Dataset entries
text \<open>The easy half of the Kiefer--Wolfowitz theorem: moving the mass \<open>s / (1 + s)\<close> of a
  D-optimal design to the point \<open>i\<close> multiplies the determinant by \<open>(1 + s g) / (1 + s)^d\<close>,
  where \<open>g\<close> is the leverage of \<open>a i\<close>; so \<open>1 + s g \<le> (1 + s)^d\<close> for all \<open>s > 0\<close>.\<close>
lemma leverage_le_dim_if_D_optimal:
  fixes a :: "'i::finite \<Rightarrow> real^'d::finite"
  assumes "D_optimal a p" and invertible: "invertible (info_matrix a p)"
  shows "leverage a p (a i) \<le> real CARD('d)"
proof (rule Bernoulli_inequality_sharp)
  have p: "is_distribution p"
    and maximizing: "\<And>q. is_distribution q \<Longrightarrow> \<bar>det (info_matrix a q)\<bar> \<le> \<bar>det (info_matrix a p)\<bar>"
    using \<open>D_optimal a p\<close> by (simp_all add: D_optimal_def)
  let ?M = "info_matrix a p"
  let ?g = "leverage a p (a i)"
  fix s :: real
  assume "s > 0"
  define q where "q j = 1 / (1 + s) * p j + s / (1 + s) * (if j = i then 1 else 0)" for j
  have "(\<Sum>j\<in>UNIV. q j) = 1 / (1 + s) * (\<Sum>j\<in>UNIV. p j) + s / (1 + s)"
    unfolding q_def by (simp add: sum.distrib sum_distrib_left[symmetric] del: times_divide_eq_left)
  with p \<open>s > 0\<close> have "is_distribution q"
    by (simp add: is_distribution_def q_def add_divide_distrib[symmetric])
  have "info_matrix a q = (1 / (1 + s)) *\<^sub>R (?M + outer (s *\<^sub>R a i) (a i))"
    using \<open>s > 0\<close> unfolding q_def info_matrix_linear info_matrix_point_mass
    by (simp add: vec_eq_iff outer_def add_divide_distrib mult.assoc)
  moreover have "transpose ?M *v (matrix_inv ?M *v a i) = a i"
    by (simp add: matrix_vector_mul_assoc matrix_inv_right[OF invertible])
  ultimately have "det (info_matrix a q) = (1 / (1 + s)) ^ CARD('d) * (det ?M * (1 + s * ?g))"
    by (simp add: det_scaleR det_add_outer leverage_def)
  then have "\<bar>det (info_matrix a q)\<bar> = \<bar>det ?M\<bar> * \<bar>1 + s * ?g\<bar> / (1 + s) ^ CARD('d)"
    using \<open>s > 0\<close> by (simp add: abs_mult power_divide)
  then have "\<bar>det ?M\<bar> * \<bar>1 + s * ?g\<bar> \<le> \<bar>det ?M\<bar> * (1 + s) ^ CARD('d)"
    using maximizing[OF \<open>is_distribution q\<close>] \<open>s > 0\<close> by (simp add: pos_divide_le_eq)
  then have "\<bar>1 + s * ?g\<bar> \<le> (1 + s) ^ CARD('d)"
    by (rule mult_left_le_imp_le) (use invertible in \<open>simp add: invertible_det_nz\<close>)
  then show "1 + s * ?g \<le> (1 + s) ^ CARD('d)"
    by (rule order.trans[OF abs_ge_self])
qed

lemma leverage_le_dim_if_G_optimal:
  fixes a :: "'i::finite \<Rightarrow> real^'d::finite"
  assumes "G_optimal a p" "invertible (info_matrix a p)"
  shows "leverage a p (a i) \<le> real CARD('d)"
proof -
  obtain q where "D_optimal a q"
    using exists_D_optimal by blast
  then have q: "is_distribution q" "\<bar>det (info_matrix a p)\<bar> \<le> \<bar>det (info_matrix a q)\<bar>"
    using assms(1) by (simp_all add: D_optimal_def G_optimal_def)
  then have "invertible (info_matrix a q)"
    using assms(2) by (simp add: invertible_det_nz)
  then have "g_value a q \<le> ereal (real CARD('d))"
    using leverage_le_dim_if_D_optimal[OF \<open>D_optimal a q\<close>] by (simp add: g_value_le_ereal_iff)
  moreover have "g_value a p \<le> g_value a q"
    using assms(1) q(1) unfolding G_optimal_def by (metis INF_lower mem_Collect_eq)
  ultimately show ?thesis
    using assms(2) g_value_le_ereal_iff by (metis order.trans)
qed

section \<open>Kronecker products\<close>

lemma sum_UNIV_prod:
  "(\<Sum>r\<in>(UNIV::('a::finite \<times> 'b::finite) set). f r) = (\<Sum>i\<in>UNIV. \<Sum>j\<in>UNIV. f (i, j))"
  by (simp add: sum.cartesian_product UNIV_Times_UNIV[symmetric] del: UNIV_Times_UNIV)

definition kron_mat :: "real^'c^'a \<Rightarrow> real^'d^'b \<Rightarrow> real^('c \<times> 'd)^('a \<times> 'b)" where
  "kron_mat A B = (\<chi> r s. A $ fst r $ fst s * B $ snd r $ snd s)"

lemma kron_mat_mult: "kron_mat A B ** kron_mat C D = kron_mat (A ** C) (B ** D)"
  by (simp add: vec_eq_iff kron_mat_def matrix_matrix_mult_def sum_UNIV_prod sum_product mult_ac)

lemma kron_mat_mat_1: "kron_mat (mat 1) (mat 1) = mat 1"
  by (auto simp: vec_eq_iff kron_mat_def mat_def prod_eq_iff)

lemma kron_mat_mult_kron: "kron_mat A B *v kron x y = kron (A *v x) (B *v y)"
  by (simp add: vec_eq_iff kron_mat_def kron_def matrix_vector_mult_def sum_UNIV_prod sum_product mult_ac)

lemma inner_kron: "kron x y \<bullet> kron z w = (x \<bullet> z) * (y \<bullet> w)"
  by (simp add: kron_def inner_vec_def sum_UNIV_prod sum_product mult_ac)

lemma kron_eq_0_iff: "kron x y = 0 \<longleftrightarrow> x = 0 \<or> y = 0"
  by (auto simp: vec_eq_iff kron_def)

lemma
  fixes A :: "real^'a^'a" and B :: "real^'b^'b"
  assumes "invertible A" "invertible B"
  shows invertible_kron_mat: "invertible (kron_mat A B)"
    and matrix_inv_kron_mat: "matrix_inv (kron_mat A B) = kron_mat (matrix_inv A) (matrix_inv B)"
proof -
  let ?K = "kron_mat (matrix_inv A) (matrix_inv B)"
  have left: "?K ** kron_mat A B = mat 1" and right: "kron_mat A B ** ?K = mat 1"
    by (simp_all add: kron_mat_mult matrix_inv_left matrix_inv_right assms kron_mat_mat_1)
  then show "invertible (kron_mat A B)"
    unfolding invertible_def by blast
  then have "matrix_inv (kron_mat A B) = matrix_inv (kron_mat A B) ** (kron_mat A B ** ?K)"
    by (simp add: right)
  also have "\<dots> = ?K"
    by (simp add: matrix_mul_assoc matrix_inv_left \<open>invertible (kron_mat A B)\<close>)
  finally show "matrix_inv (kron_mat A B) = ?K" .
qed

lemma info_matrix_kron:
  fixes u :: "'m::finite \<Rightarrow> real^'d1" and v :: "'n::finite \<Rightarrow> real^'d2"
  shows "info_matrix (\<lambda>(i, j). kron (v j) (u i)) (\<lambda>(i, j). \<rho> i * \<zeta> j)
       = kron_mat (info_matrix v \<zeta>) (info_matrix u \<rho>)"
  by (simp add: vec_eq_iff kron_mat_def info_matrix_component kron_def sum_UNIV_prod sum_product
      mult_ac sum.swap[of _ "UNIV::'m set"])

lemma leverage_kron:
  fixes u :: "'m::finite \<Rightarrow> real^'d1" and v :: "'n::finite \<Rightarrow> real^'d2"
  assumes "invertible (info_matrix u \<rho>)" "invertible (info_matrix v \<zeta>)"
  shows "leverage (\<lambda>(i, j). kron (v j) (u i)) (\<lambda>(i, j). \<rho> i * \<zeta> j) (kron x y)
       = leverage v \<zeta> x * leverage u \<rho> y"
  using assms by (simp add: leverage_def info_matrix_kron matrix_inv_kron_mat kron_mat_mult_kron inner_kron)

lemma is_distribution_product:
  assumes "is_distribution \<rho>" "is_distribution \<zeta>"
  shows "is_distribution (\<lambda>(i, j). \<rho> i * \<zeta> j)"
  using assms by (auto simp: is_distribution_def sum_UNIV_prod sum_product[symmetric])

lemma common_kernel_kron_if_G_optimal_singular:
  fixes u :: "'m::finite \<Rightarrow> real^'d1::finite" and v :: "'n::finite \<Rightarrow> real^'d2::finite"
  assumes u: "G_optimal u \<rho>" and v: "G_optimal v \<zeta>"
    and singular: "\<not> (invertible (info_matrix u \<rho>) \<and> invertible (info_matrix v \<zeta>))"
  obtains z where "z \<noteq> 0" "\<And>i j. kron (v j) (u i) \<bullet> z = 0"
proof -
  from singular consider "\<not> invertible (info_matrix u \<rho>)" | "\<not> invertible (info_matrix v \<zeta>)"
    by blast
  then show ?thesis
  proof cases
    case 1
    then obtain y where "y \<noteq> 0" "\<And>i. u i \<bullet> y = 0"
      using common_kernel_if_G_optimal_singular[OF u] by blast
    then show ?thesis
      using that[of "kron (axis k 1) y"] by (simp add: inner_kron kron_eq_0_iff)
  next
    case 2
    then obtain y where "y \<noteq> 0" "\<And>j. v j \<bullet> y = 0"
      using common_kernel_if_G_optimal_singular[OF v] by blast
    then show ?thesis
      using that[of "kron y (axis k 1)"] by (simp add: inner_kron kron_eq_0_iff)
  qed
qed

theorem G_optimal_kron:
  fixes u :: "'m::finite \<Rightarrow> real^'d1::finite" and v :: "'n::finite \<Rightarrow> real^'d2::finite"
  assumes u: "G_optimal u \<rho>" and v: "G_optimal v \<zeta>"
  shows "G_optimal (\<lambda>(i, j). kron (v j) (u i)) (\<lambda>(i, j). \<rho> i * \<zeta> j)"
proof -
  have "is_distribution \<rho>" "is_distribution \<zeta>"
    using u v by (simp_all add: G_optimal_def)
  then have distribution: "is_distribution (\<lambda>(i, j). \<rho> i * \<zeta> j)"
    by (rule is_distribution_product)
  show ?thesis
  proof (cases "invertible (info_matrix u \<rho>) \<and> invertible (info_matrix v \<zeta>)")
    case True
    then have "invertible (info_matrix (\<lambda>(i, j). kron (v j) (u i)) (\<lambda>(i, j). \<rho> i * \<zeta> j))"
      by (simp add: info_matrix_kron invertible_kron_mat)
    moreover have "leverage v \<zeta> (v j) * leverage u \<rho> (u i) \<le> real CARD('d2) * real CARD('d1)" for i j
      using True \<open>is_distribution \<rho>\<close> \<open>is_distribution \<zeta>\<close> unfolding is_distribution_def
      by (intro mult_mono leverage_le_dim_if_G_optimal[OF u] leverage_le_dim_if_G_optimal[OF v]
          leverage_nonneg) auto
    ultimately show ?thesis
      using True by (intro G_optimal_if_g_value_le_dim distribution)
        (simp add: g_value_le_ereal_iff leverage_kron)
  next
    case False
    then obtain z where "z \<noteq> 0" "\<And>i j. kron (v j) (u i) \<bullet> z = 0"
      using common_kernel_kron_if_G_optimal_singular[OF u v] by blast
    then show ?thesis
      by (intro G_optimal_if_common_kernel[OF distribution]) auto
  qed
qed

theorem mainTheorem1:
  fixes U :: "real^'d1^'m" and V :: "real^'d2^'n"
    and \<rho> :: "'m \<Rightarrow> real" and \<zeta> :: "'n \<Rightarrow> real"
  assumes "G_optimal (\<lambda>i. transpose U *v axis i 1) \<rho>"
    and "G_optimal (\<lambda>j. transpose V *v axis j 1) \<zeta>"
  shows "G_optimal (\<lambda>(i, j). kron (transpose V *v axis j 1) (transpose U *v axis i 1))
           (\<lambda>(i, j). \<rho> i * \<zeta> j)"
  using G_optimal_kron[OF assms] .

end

- How to complete this task -
Collect from the data above every line that includes "thesis".

- Solution to this task -
  ultimately show ?thesis
  then show ?thesis
    then show ?thesis
    then show ?thesis
  show ?thesis
    ultimately show ?thesis
    then show ?thesis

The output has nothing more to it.